[[ Data, beginning ]]
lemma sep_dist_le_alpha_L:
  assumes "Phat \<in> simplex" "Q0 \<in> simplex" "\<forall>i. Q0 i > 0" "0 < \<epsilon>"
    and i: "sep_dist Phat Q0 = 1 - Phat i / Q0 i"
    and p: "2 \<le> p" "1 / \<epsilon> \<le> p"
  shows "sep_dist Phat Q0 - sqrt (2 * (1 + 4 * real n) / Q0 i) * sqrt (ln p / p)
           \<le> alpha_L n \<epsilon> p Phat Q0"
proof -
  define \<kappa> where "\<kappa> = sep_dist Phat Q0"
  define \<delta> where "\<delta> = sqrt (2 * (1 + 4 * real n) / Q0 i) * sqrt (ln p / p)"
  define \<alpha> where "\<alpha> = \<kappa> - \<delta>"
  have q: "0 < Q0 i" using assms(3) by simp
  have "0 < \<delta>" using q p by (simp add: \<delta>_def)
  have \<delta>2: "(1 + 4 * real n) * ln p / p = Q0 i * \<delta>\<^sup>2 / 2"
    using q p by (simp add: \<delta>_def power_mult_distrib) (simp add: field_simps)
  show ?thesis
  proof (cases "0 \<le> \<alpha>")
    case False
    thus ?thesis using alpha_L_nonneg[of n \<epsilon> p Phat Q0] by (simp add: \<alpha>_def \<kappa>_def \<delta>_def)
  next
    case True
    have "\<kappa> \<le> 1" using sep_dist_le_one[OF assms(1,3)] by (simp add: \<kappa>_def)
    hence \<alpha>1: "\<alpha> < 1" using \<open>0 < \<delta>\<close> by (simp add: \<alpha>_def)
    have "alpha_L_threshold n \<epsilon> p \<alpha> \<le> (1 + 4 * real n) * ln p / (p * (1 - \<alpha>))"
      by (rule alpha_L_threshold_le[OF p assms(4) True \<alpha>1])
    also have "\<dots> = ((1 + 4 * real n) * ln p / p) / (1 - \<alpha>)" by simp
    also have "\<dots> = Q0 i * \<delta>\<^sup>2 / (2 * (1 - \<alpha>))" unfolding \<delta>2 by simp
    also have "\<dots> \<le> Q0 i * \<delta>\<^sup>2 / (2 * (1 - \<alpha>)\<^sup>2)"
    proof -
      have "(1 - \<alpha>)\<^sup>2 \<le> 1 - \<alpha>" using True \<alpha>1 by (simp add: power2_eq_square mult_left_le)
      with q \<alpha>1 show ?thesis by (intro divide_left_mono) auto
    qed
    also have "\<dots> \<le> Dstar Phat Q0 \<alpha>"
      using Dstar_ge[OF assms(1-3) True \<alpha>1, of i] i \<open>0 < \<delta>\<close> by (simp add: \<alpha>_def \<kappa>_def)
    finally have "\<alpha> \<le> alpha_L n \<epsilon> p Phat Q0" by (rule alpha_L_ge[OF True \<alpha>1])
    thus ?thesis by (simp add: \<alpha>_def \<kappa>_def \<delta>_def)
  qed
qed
[[ Data, end ]]
[[ Data, beginning ]]
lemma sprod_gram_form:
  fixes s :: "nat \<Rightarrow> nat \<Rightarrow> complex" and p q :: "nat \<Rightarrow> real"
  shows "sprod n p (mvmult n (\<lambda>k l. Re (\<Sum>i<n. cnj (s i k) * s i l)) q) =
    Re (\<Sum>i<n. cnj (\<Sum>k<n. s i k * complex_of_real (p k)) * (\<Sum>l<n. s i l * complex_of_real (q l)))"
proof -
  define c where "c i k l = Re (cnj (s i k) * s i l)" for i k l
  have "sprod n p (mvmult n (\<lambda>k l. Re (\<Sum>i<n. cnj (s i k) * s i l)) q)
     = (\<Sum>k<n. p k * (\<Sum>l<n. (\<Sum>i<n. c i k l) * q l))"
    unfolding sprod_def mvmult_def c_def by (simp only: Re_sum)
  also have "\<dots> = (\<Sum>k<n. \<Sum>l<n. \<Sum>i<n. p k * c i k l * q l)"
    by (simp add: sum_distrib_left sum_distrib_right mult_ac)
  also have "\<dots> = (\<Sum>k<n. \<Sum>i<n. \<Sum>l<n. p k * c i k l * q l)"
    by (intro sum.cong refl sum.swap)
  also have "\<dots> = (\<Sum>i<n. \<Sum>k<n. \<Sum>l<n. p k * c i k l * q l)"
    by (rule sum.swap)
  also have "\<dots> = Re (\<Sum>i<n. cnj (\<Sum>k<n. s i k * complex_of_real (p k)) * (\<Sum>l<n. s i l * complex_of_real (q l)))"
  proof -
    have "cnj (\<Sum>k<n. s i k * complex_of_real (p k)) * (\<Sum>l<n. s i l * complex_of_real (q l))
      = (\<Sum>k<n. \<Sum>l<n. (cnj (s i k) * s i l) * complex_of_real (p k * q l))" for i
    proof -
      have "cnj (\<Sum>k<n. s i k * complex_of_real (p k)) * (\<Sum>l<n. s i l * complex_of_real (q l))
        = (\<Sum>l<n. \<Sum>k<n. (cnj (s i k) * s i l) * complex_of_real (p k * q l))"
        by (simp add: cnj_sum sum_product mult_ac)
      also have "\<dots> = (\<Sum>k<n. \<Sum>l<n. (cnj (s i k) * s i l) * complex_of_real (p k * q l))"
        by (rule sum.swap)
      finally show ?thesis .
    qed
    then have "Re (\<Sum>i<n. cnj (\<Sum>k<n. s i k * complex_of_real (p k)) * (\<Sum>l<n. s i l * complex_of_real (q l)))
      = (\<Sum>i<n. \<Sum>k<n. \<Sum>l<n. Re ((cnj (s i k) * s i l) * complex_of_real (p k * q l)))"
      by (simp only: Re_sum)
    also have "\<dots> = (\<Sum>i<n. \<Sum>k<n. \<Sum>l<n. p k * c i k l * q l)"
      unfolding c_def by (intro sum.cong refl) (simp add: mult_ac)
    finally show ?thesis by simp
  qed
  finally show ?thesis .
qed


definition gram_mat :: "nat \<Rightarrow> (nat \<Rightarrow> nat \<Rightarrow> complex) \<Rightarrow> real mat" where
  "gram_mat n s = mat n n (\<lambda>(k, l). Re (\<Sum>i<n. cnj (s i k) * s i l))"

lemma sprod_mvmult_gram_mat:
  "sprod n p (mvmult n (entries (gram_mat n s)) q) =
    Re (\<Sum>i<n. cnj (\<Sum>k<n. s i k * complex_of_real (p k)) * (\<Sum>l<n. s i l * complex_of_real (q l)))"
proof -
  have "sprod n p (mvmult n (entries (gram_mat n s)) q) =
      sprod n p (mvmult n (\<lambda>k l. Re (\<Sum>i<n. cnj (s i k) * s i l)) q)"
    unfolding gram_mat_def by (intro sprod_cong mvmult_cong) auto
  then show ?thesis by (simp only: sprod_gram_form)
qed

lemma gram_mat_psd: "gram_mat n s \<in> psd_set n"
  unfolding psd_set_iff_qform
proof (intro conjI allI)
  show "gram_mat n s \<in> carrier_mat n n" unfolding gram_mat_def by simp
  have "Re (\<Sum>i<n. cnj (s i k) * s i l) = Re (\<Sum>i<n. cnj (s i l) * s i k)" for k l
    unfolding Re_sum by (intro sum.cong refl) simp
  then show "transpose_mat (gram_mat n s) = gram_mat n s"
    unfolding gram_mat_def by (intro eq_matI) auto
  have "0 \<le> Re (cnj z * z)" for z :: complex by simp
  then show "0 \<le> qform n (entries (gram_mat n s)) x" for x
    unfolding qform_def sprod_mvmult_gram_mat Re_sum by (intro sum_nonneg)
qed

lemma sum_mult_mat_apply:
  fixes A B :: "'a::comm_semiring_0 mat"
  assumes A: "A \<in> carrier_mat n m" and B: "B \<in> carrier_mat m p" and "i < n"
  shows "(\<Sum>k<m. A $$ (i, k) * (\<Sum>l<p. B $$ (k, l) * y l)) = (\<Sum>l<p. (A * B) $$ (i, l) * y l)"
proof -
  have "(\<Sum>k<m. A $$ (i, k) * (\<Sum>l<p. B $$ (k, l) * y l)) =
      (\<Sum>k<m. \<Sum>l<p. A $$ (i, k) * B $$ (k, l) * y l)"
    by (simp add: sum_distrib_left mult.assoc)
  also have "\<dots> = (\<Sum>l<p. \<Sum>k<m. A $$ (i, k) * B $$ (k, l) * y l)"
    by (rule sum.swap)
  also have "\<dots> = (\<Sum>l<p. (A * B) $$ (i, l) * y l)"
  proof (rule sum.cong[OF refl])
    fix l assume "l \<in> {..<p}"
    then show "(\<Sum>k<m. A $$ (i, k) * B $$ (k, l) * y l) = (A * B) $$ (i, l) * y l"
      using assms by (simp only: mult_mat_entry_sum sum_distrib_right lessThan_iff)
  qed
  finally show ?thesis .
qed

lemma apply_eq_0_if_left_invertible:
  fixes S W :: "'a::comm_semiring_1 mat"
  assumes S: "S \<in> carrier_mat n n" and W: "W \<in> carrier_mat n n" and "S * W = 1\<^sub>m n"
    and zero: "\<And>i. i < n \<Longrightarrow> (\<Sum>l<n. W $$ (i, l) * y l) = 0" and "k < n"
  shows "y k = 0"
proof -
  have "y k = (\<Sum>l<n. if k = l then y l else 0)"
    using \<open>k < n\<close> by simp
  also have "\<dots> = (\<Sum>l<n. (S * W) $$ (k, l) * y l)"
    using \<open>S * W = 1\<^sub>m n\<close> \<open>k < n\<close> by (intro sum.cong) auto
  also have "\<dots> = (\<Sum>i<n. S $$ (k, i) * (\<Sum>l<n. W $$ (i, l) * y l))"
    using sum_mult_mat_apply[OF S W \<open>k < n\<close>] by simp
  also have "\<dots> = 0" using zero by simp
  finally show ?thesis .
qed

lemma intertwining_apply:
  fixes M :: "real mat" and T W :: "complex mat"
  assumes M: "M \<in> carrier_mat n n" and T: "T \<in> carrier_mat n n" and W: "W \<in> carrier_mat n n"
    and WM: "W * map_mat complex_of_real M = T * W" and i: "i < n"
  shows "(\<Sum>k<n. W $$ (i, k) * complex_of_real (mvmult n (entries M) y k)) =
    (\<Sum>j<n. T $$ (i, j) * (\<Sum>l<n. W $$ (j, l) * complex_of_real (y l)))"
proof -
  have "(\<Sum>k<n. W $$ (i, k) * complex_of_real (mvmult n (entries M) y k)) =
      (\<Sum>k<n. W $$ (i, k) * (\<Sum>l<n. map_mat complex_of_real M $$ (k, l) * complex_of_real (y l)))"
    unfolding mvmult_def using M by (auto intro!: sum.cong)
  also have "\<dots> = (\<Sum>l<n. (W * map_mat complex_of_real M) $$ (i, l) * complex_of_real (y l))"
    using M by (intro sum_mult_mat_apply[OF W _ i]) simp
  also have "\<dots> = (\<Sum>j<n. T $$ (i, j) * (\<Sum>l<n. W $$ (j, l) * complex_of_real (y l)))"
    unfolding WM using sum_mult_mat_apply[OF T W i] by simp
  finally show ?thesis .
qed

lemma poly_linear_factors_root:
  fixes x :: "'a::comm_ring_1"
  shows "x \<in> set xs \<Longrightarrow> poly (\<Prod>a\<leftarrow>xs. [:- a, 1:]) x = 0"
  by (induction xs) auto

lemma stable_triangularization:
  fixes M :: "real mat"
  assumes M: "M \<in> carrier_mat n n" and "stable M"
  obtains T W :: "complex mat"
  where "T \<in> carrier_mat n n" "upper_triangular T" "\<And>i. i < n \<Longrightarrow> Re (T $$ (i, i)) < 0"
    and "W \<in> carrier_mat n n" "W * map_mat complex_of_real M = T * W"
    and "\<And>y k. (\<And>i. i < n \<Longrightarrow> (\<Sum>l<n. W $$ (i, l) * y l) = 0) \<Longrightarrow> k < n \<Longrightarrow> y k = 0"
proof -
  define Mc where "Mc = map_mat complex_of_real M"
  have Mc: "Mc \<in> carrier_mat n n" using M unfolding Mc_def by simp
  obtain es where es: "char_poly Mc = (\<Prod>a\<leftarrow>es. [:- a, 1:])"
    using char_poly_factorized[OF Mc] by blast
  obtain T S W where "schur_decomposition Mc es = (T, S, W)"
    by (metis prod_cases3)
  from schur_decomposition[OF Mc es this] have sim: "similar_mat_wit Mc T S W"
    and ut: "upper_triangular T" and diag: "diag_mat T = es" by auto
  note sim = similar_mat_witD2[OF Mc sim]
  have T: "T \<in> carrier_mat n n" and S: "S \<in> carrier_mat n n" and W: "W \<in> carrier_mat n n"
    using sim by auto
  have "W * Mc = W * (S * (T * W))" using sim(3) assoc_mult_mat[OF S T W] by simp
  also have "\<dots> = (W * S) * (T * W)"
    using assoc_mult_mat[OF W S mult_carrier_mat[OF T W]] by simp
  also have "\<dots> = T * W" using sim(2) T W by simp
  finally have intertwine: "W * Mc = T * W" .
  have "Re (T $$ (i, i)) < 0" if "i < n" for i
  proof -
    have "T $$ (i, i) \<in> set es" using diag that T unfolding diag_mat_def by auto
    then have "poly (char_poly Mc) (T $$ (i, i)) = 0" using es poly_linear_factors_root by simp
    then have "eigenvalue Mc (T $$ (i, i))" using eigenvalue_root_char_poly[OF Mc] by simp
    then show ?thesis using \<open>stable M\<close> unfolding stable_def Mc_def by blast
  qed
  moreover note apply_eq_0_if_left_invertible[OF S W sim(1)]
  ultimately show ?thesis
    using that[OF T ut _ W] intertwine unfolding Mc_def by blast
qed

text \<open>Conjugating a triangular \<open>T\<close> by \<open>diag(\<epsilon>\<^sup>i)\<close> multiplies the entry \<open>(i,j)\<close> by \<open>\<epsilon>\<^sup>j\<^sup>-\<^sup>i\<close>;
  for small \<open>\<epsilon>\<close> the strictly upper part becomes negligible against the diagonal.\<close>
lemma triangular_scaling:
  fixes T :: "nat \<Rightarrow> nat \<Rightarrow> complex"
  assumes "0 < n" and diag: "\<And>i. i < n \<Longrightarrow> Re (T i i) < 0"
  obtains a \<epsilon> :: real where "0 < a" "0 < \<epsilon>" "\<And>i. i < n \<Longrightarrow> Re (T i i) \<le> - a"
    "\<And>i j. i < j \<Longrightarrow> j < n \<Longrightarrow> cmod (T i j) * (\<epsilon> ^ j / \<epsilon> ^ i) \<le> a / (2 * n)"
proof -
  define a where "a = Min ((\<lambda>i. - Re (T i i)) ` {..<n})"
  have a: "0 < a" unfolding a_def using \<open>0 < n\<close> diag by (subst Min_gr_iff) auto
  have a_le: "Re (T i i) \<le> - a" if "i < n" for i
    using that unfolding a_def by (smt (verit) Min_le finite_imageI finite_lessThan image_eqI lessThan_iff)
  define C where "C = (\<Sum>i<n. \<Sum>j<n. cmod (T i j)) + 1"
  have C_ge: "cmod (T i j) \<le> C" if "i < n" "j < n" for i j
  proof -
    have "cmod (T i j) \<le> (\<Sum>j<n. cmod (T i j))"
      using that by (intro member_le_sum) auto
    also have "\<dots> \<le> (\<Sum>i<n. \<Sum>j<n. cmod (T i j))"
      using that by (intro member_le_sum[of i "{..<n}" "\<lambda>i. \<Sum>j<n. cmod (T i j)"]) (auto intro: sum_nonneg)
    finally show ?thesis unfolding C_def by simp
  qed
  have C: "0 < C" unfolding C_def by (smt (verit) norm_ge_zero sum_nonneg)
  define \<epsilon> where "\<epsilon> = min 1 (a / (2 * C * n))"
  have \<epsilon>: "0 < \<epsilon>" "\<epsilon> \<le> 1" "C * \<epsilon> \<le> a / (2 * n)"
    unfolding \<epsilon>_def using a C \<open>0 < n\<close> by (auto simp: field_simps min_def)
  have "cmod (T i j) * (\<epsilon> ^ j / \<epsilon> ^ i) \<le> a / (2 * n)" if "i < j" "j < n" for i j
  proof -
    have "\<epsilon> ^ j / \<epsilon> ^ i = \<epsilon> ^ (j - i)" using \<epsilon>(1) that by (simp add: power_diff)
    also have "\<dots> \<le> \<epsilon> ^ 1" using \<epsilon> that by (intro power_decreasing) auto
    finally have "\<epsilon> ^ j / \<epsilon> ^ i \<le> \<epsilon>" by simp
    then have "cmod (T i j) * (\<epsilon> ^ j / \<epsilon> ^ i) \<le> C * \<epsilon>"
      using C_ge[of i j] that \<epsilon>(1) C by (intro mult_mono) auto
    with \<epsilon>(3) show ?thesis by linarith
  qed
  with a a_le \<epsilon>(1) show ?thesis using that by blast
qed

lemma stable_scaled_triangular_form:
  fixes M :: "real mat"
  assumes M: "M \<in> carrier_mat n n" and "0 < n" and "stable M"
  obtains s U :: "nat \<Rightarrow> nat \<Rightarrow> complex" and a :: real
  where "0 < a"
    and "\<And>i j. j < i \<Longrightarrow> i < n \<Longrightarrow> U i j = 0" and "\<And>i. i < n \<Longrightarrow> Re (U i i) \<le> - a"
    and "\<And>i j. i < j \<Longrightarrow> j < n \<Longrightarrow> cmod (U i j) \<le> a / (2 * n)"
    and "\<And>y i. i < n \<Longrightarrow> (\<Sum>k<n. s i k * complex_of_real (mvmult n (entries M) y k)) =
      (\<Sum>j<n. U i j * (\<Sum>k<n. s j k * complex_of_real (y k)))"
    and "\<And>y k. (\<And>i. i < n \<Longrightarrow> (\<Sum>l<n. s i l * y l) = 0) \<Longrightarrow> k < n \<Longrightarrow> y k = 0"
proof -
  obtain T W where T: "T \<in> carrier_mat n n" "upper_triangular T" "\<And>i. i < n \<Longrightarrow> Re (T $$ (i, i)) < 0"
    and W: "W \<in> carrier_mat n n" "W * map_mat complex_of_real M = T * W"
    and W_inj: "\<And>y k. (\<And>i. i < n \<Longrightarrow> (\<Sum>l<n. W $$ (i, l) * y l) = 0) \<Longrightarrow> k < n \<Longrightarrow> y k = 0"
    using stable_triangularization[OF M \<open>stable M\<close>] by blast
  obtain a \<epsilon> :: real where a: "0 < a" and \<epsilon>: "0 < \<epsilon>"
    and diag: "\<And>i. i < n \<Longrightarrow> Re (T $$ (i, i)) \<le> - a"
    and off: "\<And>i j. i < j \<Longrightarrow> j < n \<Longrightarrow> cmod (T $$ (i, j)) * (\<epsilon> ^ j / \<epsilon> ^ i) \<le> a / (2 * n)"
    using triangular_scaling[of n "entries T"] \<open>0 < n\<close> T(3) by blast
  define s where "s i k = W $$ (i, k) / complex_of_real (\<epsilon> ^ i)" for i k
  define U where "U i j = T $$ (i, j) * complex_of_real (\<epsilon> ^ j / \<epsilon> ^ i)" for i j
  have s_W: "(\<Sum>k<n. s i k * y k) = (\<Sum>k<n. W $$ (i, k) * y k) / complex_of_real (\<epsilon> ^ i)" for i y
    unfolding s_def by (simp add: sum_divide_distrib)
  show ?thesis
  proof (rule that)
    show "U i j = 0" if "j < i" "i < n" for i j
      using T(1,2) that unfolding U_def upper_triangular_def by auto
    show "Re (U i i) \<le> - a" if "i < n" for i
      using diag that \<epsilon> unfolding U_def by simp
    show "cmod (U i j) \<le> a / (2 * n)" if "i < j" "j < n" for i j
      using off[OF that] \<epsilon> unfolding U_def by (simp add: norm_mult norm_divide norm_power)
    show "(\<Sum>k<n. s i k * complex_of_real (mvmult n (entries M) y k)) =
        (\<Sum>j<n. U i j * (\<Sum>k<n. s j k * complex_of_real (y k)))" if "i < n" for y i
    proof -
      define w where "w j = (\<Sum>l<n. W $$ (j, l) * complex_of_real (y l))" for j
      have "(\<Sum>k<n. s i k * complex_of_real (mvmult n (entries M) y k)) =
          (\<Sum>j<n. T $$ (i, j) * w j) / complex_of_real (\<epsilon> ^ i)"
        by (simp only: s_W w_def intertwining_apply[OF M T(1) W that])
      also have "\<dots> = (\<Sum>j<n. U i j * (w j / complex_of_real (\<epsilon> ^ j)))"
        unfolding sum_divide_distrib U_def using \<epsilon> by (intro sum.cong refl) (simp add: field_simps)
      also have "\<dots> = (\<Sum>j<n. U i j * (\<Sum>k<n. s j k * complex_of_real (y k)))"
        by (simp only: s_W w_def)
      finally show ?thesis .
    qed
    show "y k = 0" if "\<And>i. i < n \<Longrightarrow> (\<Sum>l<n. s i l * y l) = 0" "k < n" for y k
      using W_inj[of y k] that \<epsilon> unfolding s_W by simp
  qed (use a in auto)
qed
[[ Data, end ]]
[[ Data, beginning ]]
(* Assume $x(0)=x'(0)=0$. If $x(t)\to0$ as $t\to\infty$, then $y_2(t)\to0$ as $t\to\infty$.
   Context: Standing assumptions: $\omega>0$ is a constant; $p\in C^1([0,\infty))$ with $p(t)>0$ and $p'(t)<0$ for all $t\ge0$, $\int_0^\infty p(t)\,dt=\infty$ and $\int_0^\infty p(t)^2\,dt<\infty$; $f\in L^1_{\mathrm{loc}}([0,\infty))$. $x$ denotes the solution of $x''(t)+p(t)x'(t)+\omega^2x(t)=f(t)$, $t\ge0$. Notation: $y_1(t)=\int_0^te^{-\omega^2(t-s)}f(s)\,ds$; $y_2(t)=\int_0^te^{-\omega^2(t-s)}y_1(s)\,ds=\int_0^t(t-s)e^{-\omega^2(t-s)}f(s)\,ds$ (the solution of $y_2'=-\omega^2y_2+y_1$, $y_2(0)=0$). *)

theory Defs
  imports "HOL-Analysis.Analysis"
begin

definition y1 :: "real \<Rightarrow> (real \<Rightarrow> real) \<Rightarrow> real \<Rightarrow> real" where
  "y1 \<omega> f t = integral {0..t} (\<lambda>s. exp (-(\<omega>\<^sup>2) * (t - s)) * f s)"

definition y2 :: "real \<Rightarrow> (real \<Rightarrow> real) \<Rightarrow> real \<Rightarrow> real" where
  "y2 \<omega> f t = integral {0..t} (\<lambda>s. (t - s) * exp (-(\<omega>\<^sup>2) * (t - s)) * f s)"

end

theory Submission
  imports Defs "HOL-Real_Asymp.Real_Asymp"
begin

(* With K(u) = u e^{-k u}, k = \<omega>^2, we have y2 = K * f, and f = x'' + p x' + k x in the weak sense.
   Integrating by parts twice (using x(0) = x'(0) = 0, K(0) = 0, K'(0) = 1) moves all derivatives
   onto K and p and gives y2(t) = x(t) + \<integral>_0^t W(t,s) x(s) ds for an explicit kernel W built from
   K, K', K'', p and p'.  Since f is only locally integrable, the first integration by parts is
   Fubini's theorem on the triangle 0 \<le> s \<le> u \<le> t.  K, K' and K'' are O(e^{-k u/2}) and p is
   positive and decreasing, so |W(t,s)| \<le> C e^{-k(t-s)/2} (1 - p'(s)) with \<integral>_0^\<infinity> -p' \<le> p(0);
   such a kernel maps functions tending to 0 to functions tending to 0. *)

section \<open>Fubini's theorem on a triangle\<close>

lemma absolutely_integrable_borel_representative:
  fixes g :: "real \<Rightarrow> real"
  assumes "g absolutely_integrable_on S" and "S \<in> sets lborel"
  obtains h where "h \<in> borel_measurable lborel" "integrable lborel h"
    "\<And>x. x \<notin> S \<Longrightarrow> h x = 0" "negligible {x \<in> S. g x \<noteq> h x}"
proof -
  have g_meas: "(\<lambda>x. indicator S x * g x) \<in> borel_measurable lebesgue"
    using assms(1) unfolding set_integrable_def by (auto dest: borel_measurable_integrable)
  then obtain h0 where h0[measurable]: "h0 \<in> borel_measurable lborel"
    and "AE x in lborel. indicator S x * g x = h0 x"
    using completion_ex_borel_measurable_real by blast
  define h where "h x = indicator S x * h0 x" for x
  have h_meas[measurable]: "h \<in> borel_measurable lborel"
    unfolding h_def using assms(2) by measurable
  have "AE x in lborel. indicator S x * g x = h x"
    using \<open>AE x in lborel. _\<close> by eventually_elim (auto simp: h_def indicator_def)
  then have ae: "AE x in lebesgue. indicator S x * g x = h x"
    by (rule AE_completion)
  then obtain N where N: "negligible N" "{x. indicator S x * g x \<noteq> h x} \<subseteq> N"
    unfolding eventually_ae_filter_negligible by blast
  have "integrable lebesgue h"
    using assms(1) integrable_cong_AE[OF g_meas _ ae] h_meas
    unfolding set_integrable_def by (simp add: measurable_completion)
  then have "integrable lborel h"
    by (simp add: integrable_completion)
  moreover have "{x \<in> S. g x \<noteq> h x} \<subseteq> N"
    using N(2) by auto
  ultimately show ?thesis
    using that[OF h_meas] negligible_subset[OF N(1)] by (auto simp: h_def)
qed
[[ Data, end ]]
Your assignment:
Filter the records above for lines containing the word "Fubini", and copy those lines.

Exercise answer:
   Fubini's theorem on the triangle 0 \<le> s \<le> u \<le> t.  K, K' and K'' are O(e^{-k u/2}) and p is
section \<open>Fubini's theorem on a triangle\<close>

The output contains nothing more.